Faut-il monter différents chevaux
pour progresser plus vite ?
C'est l'un des débats les plus vifs entre cavaliers. Certains jurent que la variété est la clé. D'autres ne monteraient leur cheval pour rien au monde. Qui a raison ? La réponse est plus subtile qu'il n'y paraît.
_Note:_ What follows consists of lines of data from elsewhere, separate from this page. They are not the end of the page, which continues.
definition inv_gram_dual ::
    "(nat \<Rightarrow> real) set \<Rightarrow> (nat \<Rightarrow> real) \<Rightarrow> ((nat \<Rightarrow> real) \<Rightarrow> (nat \<Rightarrow> real) \<Rightarrow> real)
      \<Rightarrow> (nat \<Rightarrow> real) \<Rightarrow> nat \<Rightarrow> real" where
  "inv_gram_dual S a0 H x =
     (if x = a0 then (\<lambda>i. - (\<Sum>y\<in>S-{a0}. edge_dual S a0 H y i)) else edge_dual S a0 H x)"

lemma ip_edge_dual_left:
  "ip N (edge_dual S a0 H x) y = (\<Sum>z\<in>S-{a0}. H x z * ip N (\<lambda>i. z i - a0 i) y)"
  unfolding edge_dual_def by (simp add: ip_sum_left ip_scale_left)

context
  fixes N :: nat and S :: "(nat \<Rightarrow> real) set" and a0 :: "nat \<Rightarrow> real"
    and H :: "(nat \<Rightarrow> real) \<Rightarrow> (nat \<Rightarrow> real) \<Rightarrow> real"
  assumes fin: "finite S" and a0: "a0 \<in> S"
    and left_inverse: "\<forall>x\<in>S-{a0}. \<forall>y\<in>S-{a0}.
      (\<Sum>z\<in>S-{a0}. H x z * ip N (\<lambda>i. z i - a0 i) (\<lambda>i. y i - a0 i)) = (if x = y then 1 else 0)"
begin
Dans les clubs, les centres équestres et les écuries privées, la question revient régulièrement. Un cavalier qui progresse lentement s'entend souvent conseiller : "Tu devrais monter d'autres chevaux." Sous-entendu : ton cheval unique te limite. Mais est-ce vraiment aussi simple ?
La réalité est que les deux approches — fidélité à un seul cheval ou variété de montures — produisent des types de progression différents. Ni l'une ni l'autre n'est universellement supérieure. Tout dépend de ce que vous cherchez à développer, et à quel moment de votre parcours de cavalier vous vous trouvez.
Ce que vous apprenez en montant toujours le même cheval
Contrairement à ce qu'on entend parfois, monter un seul cheval n'est pas une limitation en soi. C'est même une école de rigueur extraordinaire — à condition d'en comprendre les enjeux.
Avec un seul cheval, vous développez une connaissance intime de sa mécanique, de ses réactions, de ses points forts et de ses fragilités. Vous apprenez à lire ses humeurs, à adapter votre approche selon le jour, la météo, son état physique. Cette sensibilité-là ne s'acquiert pas en changeant de monture toutes les semaines.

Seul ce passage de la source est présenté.